Named in the Domesday book as Pritte Wella, the original town was a group of simple huts near the present Priory Park. Evidence of Iron age, Roman settlements, and a pagan burial ground have been found in the area. The Priory dates back to the 12th century. The monks were responsible for the upkeep and the welfare of the villagers, until Henry VIII dissolved the monasteries. In 1917 the park and priory buildings were donated to the town by R. A. Jones. Prittlewell was important when Southend was just a cluster of huts belonging to local fishermen, but gradually has been taken over by Southend. There have been considerable changes but some of its ancient buildings have been saved.
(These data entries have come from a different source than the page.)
lemma (in prob_space) exp_concentration_upper_tail:
  fixes X :: "'a \<Rightarrow> 'd::euclidean_space" and F :: "'d \<Rightarrow> real"
  assumes [measurable]: "X \<in> borel_measurable M"
    and conc: "exp_concentration M X \<alpha>"
    and [measurable]: "F \<in> borel_measurable borel"
    and half: "measure M {\<omega>\<in>space M. F (X \<omega>) < A} \<ge> 1/2"
    and u: "u > 0"
    and shift: "\<And>b y. norm y \<le> \<alpha> * u \<Longrightarrow> F (b + y) \<le> F b + s"
  shows "measure M {\<omega>\<in>space M. F (X \<omega>) \<ge> A + s} \<le> exp (- u)"
proof -
  interpret L: prob_space "completion (distr M borel X)"
    by (intro prob_space.prob_space_completion prob_space_distr) simp
  define B where "B = {x. F x < A}"
  define C where "C = {x. F x < A + s}"
  have [measurable]: "B \<in> sets borel" "C \<in> sets borel" unfolding B_def C_def by measurable
  have "X -` B \<inter> space M = {\<omega>\<in>space M. F (X \<omega>) < A}" by (auto simp: B_def)
  then have "1 - exp (- u) \<le> measure (completion (distr M borel X))
                                {b + y | b y. b \<in> B \<and> y \<in> cball 0 (\<alpha> * u)}"
    using conc half u unfolding exp_concentration_def by auto
  \<comment> \<open>the enlarged set need not be measurable; monotonicity only asks this of \<open>C\<close>\<close>
  also have "\<dots> \<le> measure (completion (distr M borel X)) C"
  proof (rule L.finite_measure_mono)
    show "{b + y | b y. b \<in> B \<and> y \<in> cball 0 (\<alpha> * u)} \<subseteq> C"
    proof
      fix x assume "x \<in> {b + y | b y. b \<in> B \<and> y \<in> cball 0 (\<alpha> * u)}"
      then obtain b y where "x = b + y" "F b < A" "norm y \<le> \<alpha> * u" by (auto simp: B_def)
      then show "x \<in> C" using shift[of y b] by (simp add: C_def)
    qed
  qed simp
  also have "\<dots> = measure M {\<omega>\<in>space M. F (X \<omega>) < A + s}"
    by (simp add: measure_distr vimage_def Int_def C_def conj_commute)
  also have "\<dots> = 1 - measure M {\<omega>\<in>space M. F (X \<omega>) \<ge> A + s}"
    using prob_neg[of "\<lambda>\<omega>. F (X \<omega>) \<ge> A + s"] by (simp add: not_le)
  finally show ?thesis by simp
qed

lemma (in prob_space) prob_less_twice_expectation:
  fixes Z :: "'a \<Rightarrow> real"
  assumes "integrable M Z" "\<And>\<omega>. \<omega> \<in> space M \<Longrightarrow> Z \<omega> \<ge> 0" "\<delta> > 0"
  shows "prob {\<omega>\<in>space M. Z \<omega> < 2 * expectation Z + \<delta>} \<ge> 1/2"
proof -
  let ?A = "2 * expectation Z + \<delta>"
  have E: "expectation Z \<ge> 0" using assms(2) by (intro integral_nonneg_AE AE_I2) auto
  have A: "?A > 0" using E assms(3) by simp
  have "prob {\<omega>\<in>space M. Z \<omega> \<ge> ?A} \<le> expectation Z / ?A"
    using assms A by (intro integral_Markov_inequality_measure[of _ _ "space M"]) auto
  also have "\<dots> \<le> 1/2" using E A assms(3) by (simp add: field_simps)
  finally have upper: "prob {\<omega>\<in>space M. Z \<omega> \<ge> ?A} \<le> 1/2" .
  have "{\<omega>\<in>space M. Z \<omega> \<ge> ?A} \<in> events"
    using borel_measurable_integrable[OF assms(1)] by measurable
  then have "prob {\<omega>\<in>space M. Z \<omega> < ?A} = 1 - prob {\<omega>\<in>space M. Z \<omega> \<ge> ?A}"
    using prob_neg[of "\<lambda>\<omega>. Z \<omega> \<ge> ?A"] by (simp add: not_le)
  with upper show ?thesis by linarith
qed

lemma (in prob_space) exp_concentration_excess_tail:
  fixes X :: "'a \<Rightarrow> 'd::euclidean_space" and F :: "'d \<Rightarrow> real"
  assumes [measurable]: "X \<in> borel_measurable M" "F \<in> borel_measurable borel"
    and conc: "exp_concentration M X \<alpha>"
    and nonneg: "\<And>x. F x \<ge> 0" and int_F: "integrable M (\<lambda>\<omega>. F (X \<omega>))"
    and "K \<ge> 0" "p > 0" "\<delta> > 0" "u > 0"
    and shift: "\<And>b y. F (b + y) \<le> F b + (K * norm y ^ 2) powr (1/p)"
  shows "prob {\<omega>\<in>space M. max 0 (F (X \<omega>) - (2 * expectation (\<lambda>\<omega>. F (X \<omega>)) + \<delta>))
                             > (K * \<alpha>^2 * u^2) powr (1/p)} \<le> exp (- u)"
proof -
  let ?A = "2 * expectation (\<lambda>\<omega>. F (X \<omega>)) + \<delta>" and ?s = "(K * \<alpha>^2 * u^2) powr (1/p)"
  have "\<alpha> \<ge> 0" by (rule exp_concentration_nonneg[OF conc])
  have "F (b + y) \<le> F b + ?s" if "norm y \<le> \<alpha> * u" for b y
  proof -
    have "norm y ^ 2 \<le> (\<alpha> * u)^2" using that by (intro power_mono) auto
    then have "(K * norm y ^ 2) powr (1/p) \<le> ?s"
      using \<open>K \<ge> 0\<close> \<open>p > 0\<close> mult_left_mono[of _ _ K]
      by (intro powr_mono2) (auto simp: power_mult_distrib mult.assoc)
    then show ?thesis using shift[of b y] by linarith
  qed
  then have "prob {\<omega>\<in>space M. F (X \<omega>) \<ge> ?A + ?s} \<le> exp (- u)"
    using prob_less_twice_expectation[OF int_F nonneg \<open>\<delta> > 0\<close>] \<open>u > 0\<close>
    by (intro exp_concentration_upper_tail[OF _ conc]) auto
  moreover have "{\<omega>\<in>space M. max 0 (F (X \<omega>) - ?A) > ?s} \<subseteq> {\<omega>\<in>space M. F (X \<omega>) \<ge> ?A + ?s}"
    using powr_ge_zero[of "K * \<alpha>^2 * u^2" "1/p"] by (auto simp: max_def split: if_splits)
  moreover have "{\<omega>\<in>space M. F (X \<omega>) \<ge> ?A + ?s} \<in> events" by measurable
  ultimately show ?thesis by (meson finite_measure_mono order_trans)
qed

lemma (in prob_space) nn_integral_power2_le_of_exp_tail:
  fixes U :: "'a \<Rightarrow> real"
  assumes [measurable]: "U \<in> borel_measurable M"
    and nonneg: "\<And>\<omega>. \<omega> \<in> space M \<Longrightarrow> U \<omega> \<ge> 0"
    and tail: "\<And>u. u > 0 \<Longrightarrow> prob {\<omega>\<in>space M. U \<omega> > u} \<le> exp (- u)"
  shows "(\<integral>\<^sup>+\<omega>. ennreal (U \<omega> ^ 2) \<partial>M) \<le> 2"
proof -
  interpret pair_sigma_finite M lborel
    by (simp add: pair_sigma_finite_def sigma_finite_measure_axioms lborel.sigma_finite_measure_axioms)
  define f where "f \<omega> u = ennreal (2 * u) * indicator {0..<U \<omega>} u" for \<omega> and u :: real
  have [measurable]: "case_prod f \<in> borel_measurable (M \<Otimes>\<^sub>M lborel)"
    unfolding f_def indicator_def atLeastLessThan_iff by measurable
  have layer: "ennreal (U \<omega> ^ 2) = (\<integral>\<^sup>+u. f \<omega> u \<partial>lborel)" if "\<omega> \<in> space M" for \<omega>
  proof -
    have "AE u in lborel. f \<omega> u = ennreal (2 * u) * indicator {0..U \<omega>} u"
      using AE_lborel_singleton[of "U \<omega>"] by eventually_elim (auto simp: f_def indicator_def)
    then have "(\<integral>\<^sup>+u. f \<omega> u \<partial>lborel) = (\<integral>\<^sup>+u. ennreal (2 * u) * indicator {0..U \<omega>} u \<partial>lborel)"
      by (rule nn_integral_cong_AE)
    also have "\<dots> = ennreal (U \<omega> ^ 2 - 0 ^ 2)"
      by (rule nn_integral_FTC_Icc) (auto intro!: derivative_eq_intros simp: nonneg that)
    finally show ?thesis by simp
  qed
  have slice: "(\<integral>\<^sup>+\<omega>. f \<omega> u \<partial>M) \<le> ennreal (2 * u * exp (- u)) * indicator {0..} u" for u
  proof (cases "u > 0")
    case True
    have "(\<integral>\<^sup>+\<omega>. f \<omega> u \<partial>M) = (\<integral>\<^sup>+\<omega>. ennreal (2 * u) * indicator {\<omega>\<in>space M. u < U \<omega>} \<omega> \<partial>M)"
      using True by (intro nn_integral_cong) (auto simp: f_def indicator_def)
    also have "\<dots> = ennreal (2 * u) * ennreal (prob {\<omega>\<in>space M. u < U \<omega>})"
      by (subst nn_integral_cmult_indicator) (auto simp: emeasure_eq_measure)
    also have "\<dots> \<le> ennreal (2 * u) * ennreal (exp (- u))"
      using tail[OF True] by (intro mult_left_mono ennreal_leI) auto
    finally show ?thesis using True by (simp add: ennreal_mult'[symmetric] mult.assoc)
  qed (simp add: f_def indicator_def)
  have "(\<integral>\<^sup>+\<omega>. ennreal (U \<omega> ^ 2) \<partial>M) = (\<integral>\<^sup>+\<omega>. \<integral>\<^sup>+u. f \<omega> u \<partial>lborel \<partial>M)"
    by (rule nn_integral_cong) (simp add: layer)
  also have "\<dots> = (\<integral>\<^sup>+u. \<integral>\<^sup>+\<omega>. f \<omega> u \<partial>M \<partial>lborel)"
    using Fubini'[of f] by simp
  also have "\<dots> \<le> (\<integral>\<^sup>+u. ennreal (2 * u * exp (- u)) * indicator {0..} u \<partial>lborel)"
    by (intro nn_integral_mono slice)
  also have "\<dots> = ennreal (0 - (- 2 * (1 + 0) * exp (- 0)))"
  proof (rule nn_integral_FTC_atLeast[where F="\<lambda>u. - 2 * (1 + u) * exp (- u)"])
    show "DERIV (\<lambda>u. - 2 * (1 + u) * exp (- u)) x :> 2 * x * exp (- x)" for x :: real
      by (rule derivative_eq_intros refl | simp add: algebra_simps)+
    show "((\<lambda>u::real. - 2 * (1 + u) * exp (- u)) \<longlongrightarrow> 0) at_top" by real_asymp
  qed auto
  finally show ?thesis by simp
qed

lemma (in prob_space) expectation_powr_le_of_tail:
  fixes W :: "'a \<Rightarrow> real"
  assumes [measurable]: "W \<in> borel_measurable M"
    and nonneg: "\<And>\<omega>. \<omega> \<in> space M \<Longrightarrow> W \<omega> \<ge> 0"
    and int: "integrable M (\<lambda>\<omega>. W \<omega> powr p)"
    and "c \<ge> 0" "p > 0"
    and tail: "\<And>u. u > 0 \<Longrightarrow> prob {\<omega>\<in>space M. W \<omega> > (c * u^2) powr (1/p)} \<le> exp (- u)"
  shows "expectation (\<lambda>\<omega>. W \<omega> powr p) \<le> 2 * c"
proof (rule field_le_epsilon)
  fix e :: real assume "e > 0"
  \<comment> \<open>working with \<open>c' > c\<close> also covers the degenerate case \<open>c = 0\<close>\<close>
  define c' where "c' = c + e / 2"
  have c': "c' > 0" "c \<le> c'" using assms \<open>e > 0\<close> by (auto simp: c'_def)
  define U where "U \<omega> = sqrt (W \<omega> powr p / c')" for \<omega>
  have U2: "U \<omega> ^ 2 = W \<omega> powr p / c'" for \<omega> using c' by (simp add: U_def)
  have "(\<integral>\<^sup>+\<omega>. ennreal (U \<omega> ^ 2) \<partial>M) \<le> 2"
  proof (rule nn_integral_power2_le_of_exp_tail)
    fix u :: real assume u: "u > 0"
    have "{\<omega>\<in>space M. U \<omega> > u} \<subseteq> {\<omega>\<in>space M. W \<omega> > (c * u^2) powr (1/p)}"
    proof safe
      fix \<omega> assume \<omega>: "\<omega> \<in> space M" and "u < U \<omega>"
      then have "u^2 < U \<omega> ^ 2" using u by (intro power_strict_mono) auto
      then have "c * u^2 < W \<omega> powr p" using c' mult_right_mono[OF c'(2), of "u^2"] by (simp add: U2 field_simps)
      then have "(c * u^2) powr (1/p) < (W \<omega> powr p) powr (1/p)"
        using assms by (intro powr_less_mono2) auto
      then show "(c * u^2) powr (1/p) < W \<omega>" using nonneg[OF \<omega>] assms by (simp add: powr_powr)
    qed
    moreover have "{\<omega>\<in>space M. W \<omega> > (c * u^2) powr (1/p)} \<in> events" by measurable
    ultimately show "prob {\<omega>\<in>space M. U \<omega> > u} \<le> exp (- u)"
      using tail[OF u] by (meson finite_measure_mono order_trans)
  qed (use c' nonneg in \<open>auto simp: U_def\<close>)
  moreover have "integrable M (\<lambda>\<omega>. U \<omega> ^ 2)" unfolding U2 using int by simp
  ultimately have "ennreal (expectation (\<lambda>\<omega>. U \<omega> ^ 2)) \<le> ennreal 2"
    by (simp add: nn_integral_eq_integral)
  then have "expectation (\<lambda>\<omega>. U \<omega> ^ 2) \<le> 2" by (rule ennreal_le_iff[THEN iffD1, rotated]) simp
  then show "expectation (\<lambda>\<omega>. W \<omega> powr p) \<le> 2 * c + e"
    using c' by (simp add: U2 c'_def field_simps)
qed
This book tries to follow some of the many changes which have taken place over the years and remind us of its history, from the beginning of the Priory, through the war years, the sixties, until the present time.
Mavis Sipple has lived in or near Rochford from earliest childhood, Educated at North Street School in Leigh, then Westcliff High School for Girls, she qualified as a teacher at Brentwood College, She moved to Hawkwell and began her teaching career in Ashingdon.
After her marriage to Dennis and the birth of their son, Peter, she worked as a supply teacher in several of the secondary schools in the area.
Mavis joined a local writers group and then contributed short stories and articles to women's magazines, Tracing her family history led to her interest in local history and to her discovery of many fascinating local traditions and unusual objects on which she wrote articles published in various magazines, including Essex Countryside and The Lady; and three books on aspects of Essex history, folklore and traditions.
A member of the Leigh Society and a helper at the Heritage Museum, Mavis lives in Rochford, takes a keen interest in local community activities and is a member of one of the town's Wls and of the Rochford Historical Society.